Navigating menopause as a genx woman through confusion and change
Adjustment & adaptation
GenXers have reached that moment—gulp—the so-called ‘midlife’ years, complete with the dreaded menopause. Ugh! A lot of us hit these years fully unprepared for what was coming. We heard about the hot flashes, but even that wasn't named correctly to explain the actual misfiring of your temperature regulation. It feels like an electrical short in a lamp wire, sending sparks flying, causing temps to both jump but also to instantly plummet, only to rebound within seconds. The (very, very, VERY) dry symptoms to the haywire emotions & mood swings, it's all extraordinarily confusing, especially for us feral, completely self-reliant GenXers, who weren't at all prepared for this transition. We mostly raised ourselves & our parents certainly weren't talking about Menopause at the dinner table, or to us at all, leaving us guessing what we were in for. We can talk about how to manage the changes & challenges of midlife, especially with a lack of prior knowledge or understanding of options for symptom management.

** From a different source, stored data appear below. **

lemma pred_Gtilde: "Measurable.pred P (\<lambda>\<omega>. Gtilde \<omega> i i')"
proof -
  have "{\<omega>\<in>space P. Gtilde \<omega> i i'} = (if G i i' then space P
      else if i \<in> E \<and> i' \<in> E then (\<Union>S\<in>Pow Q. selected S \<inter> test_fires (i, i') S) else {})"
    by (auto simp: Gtilde_iff selected_def)
  moreover have "(\<Union>S\<in>Pow Q. selected S \<inter> test_fires (i, i') S) \<in> sets P" if "i \<in> E" "i' \<in> E"
    using that finite_Q sets_selected sets_test_fires by (intro sets.finite_UN) auto
  ultimately show ?thesis
    by (simp add: pred_def)
qed

lemma sets_separated:
  "{\<omega>\<in>space P. (\<forall>iO\<in>Oset (Gtilde \<omega>) E. \<pi> iO < \<pi> ibar) \<and> (\<forall>iI\<in>Iset (Gtilde \<omega>) E. \<pi> ibar < \<pi> iI)} \<in> sets P"
proof -
  have card_eq: "real (card {x\<in>E. R x}) = (\<Sum>x\<in>E. if R x then 1 else 0)" for R
    using finite_E by (simp add: sum.If_cases Int_def)
  note [measurable] = pred_Gtilde
  have "{\<omega>\<in>space P. (\<forall>iO\<in>Oset (Gtilde \<omega>) E. \<pi> iO < \<pi> ibar) \<and> (\<forall>iI\<in>Iset (Gtilde \<omega>) E. \<pi> ibar < \<pi> iI)}
    = {\<omega>\<in>space P. (\<forall>iO\<in>E. real (card E) / 2 < (\<Sum>i'\<in>E. if Gtilde \<omega> iO i' then 1 else 0) \<longrightarrow> \<pi> iO < \<pi> ibar)
      \<and> (\<forall>iI\<in>E. real (card E) / 2 < (\<Sum>i'\<in>E. if Gtilde \<omega> i' iI then 1 else 0) \<longrightarrow> \<pi> ibar < \<pi> iI)}"
    unfolding Oset_def Iset_def card_eq[symmetric] by auto
  also have "\<dots> \<in> sets P"
    using finite_E by measurable
  finally show ?thesis .
qed

lemma Gtilde_consistent:
  assumes \<omega>: "\<omega> \<in> space P - bad" and i: "i \<in> E" "i' \<in> E" and Gt: "Gtilde \<omega> i i'"
  shows "\<pi> i < \<pi> i'"
proof (cases "G i i'")
  case False
  with Gt \<omega> obtain S where S: "S \<subseteq> Q" "\<omega> \<in> selected S" "\<omega> \<in> test_fires (i, i') S"
    by (auto simp: Gtilde_iff)
  then have "S \<noteq> {}"
    by (auto simp: test_fires_def)
  moreover have "\<gamma> \<le> real (card S)"
    using S(2) by (simp add: selected_def mem_Qfam_iff)
  ultimately have "S \<in> candidates"
    using S(1) by (simp add: candidates_def)
  then have "(i, i') \<notin> misordered"
    using S \<omega> by (auto simp: bad_def)
  moreover have "i \<noteq> i'"
  proof
    have "E \<noteq> {}" "Q \<noteq> {}"
      using i S(1) \<open>S \<noteq> {}\<close> by auto
    then have "0 \<le> 2 * \<rho> * sqrt (l1 * real (card S))"
      using rho_ge_1[OF L_ge_1, of \<sigma>] l1_pos by simp
    moreover assume "i = i'"
    ultimately show False
      using S(3) by (simp add: test_fires_def)
  qed
  then have "\<pi> i \<noteq> \<pi> i'"
    using i pi_inj by (auto dest: inj_onD)
  ultimately show ?thesis
    using i by (auto simp: misordered_def)
qed (use G_consistent i in blast)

Navigating invisible illness from teen years to parenthood and beyond
Empty nest
Living with multiple invisible illnesses—like Crohn’s, Ehlers-Danlos, Lupus, POTS, MVP, MCAS & ADHD—can feel isolating & make socializing challenging- through many of life's stages. From the confusing teen years into the juggling game of marriage & parenthood, on into the sometimes lonely empty-nester years, I’ve navigated these experiences myself & can help you find purpose, connection & fulfillment- even in a disconnected world. In this session, we’ll explore ways to manage expectations & navigate daily challenges, embrace self-care & create meaningful routines that support your well-being & sense of belonging. We can also simply unpack & unload the burden you're carrying in this world that doesn't always seem built to embrace emotions that can often feel bigger than our capacity to carry them. More than anything I care that you feel heard when you speak with me, I aim to be a safe space, where you can discuss whatever you need to lighten your mental load & find peace.